*** Data supplied Section Begins ***

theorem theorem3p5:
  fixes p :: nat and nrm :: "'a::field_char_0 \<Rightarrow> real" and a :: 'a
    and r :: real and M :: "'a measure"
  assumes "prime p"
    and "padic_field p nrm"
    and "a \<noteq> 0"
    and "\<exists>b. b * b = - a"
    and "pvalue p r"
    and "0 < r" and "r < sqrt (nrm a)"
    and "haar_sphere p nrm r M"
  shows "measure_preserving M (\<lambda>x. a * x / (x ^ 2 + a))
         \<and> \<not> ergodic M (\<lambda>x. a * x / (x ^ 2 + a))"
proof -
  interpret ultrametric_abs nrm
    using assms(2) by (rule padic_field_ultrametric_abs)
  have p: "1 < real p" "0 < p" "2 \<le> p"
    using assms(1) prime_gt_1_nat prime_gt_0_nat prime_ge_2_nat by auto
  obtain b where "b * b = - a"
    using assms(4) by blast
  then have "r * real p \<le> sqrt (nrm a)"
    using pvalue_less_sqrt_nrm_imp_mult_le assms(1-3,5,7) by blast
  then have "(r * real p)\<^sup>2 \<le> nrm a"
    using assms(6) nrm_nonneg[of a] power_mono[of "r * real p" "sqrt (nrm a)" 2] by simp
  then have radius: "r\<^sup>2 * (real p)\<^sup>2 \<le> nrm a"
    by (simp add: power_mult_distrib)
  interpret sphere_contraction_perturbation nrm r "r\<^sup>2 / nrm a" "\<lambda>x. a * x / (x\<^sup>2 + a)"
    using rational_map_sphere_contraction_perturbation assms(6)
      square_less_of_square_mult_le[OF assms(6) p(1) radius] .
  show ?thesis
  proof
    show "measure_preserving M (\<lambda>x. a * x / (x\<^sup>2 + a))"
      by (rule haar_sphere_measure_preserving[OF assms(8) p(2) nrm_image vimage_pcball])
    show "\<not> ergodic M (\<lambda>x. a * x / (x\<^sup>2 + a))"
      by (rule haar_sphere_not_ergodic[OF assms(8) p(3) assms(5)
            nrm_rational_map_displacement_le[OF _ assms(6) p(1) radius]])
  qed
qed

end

*** Data supplied Section Ends ***
*** Data supplied Section Begins ***

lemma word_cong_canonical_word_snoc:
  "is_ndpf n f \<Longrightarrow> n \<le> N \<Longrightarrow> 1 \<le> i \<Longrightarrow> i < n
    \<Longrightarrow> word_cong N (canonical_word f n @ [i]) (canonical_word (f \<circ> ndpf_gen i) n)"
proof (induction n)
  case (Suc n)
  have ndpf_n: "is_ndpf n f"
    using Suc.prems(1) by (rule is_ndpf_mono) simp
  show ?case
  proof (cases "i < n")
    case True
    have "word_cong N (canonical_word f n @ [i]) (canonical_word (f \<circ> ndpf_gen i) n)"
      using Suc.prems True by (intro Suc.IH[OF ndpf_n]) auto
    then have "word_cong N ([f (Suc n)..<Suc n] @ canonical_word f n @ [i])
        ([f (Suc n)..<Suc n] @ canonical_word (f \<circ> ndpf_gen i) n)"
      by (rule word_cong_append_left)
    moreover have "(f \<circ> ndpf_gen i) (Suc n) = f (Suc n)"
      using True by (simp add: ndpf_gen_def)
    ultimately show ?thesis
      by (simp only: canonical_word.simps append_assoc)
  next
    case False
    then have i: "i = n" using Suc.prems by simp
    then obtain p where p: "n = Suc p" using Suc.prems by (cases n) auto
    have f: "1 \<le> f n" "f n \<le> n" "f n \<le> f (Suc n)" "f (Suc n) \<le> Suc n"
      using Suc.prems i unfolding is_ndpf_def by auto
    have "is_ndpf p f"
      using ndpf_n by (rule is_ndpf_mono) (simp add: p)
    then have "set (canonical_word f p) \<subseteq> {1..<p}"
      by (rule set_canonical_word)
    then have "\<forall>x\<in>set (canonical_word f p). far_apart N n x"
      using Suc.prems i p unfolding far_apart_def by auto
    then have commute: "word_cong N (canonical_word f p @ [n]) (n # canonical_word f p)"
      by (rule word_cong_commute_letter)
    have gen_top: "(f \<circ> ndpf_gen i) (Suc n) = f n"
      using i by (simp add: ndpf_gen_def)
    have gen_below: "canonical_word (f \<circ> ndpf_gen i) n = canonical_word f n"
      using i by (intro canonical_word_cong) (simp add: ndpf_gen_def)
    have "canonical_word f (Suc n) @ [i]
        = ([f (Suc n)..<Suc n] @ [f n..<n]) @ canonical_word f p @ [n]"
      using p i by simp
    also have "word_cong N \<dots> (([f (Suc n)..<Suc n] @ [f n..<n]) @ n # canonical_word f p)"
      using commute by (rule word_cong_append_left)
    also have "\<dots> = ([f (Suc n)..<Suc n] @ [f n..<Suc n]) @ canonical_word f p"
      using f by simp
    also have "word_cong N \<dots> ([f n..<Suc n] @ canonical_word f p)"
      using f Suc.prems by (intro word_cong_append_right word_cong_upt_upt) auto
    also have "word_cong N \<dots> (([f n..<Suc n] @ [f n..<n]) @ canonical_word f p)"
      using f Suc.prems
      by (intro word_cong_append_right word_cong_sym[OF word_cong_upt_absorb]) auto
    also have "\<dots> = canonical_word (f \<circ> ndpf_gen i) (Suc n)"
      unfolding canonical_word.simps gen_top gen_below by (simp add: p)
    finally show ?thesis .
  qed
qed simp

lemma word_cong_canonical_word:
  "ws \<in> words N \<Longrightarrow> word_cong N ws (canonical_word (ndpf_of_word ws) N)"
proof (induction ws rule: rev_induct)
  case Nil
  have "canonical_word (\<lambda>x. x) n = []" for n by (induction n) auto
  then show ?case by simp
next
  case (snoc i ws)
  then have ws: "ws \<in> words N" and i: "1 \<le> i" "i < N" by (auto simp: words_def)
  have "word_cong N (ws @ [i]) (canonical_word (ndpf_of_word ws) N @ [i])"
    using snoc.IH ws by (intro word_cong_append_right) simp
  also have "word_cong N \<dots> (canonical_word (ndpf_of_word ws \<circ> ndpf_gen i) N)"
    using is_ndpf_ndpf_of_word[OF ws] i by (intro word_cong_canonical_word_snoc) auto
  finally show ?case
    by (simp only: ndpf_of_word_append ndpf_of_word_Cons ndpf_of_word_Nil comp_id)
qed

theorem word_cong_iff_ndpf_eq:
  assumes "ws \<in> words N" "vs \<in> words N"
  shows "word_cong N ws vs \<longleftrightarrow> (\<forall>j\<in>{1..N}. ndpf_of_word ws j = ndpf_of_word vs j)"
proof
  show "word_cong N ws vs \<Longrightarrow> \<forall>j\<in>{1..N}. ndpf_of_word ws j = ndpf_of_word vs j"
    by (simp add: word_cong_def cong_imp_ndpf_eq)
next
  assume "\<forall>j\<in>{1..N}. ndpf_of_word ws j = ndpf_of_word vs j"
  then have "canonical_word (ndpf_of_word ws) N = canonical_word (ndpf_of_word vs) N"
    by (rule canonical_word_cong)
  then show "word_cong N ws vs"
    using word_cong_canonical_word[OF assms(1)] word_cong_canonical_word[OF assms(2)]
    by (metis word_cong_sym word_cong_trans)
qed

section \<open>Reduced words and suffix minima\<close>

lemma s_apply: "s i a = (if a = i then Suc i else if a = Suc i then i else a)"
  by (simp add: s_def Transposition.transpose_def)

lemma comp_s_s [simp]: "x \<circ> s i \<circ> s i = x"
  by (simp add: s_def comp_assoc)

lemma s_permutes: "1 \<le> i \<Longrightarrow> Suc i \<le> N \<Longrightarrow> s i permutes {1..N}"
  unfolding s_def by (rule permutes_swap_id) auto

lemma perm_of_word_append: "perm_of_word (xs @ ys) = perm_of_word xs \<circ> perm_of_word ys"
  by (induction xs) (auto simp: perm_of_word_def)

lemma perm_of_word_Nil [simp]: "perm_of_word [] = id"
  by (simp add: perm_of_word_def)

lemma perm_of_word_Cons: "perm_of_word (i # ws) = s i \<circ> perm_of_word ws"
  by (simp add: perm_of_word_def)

*** Data supplied Section Ends ***

Locate the word "forall" in the data above. Copy every line carrying it.

    then have "\<forall>x\<in>set (canonical_word f p). far_apart N n x"
  shows "word_cong N ws vs \<longleftrightarrow> (\<forall>j\<in>{1..N}. ndpf_of_word ws j = ndpf_of_word vs j)"
  show "word_cong N ws vs \<Longrightarrow> \<forall>j\<in>{1..N}. ndpf_of_word ws j = ndpf_of_word vs j"
  assume "\<forall>j\<in>{1..N}. ndpf_of_word ws j = ndpf_of_word vs j"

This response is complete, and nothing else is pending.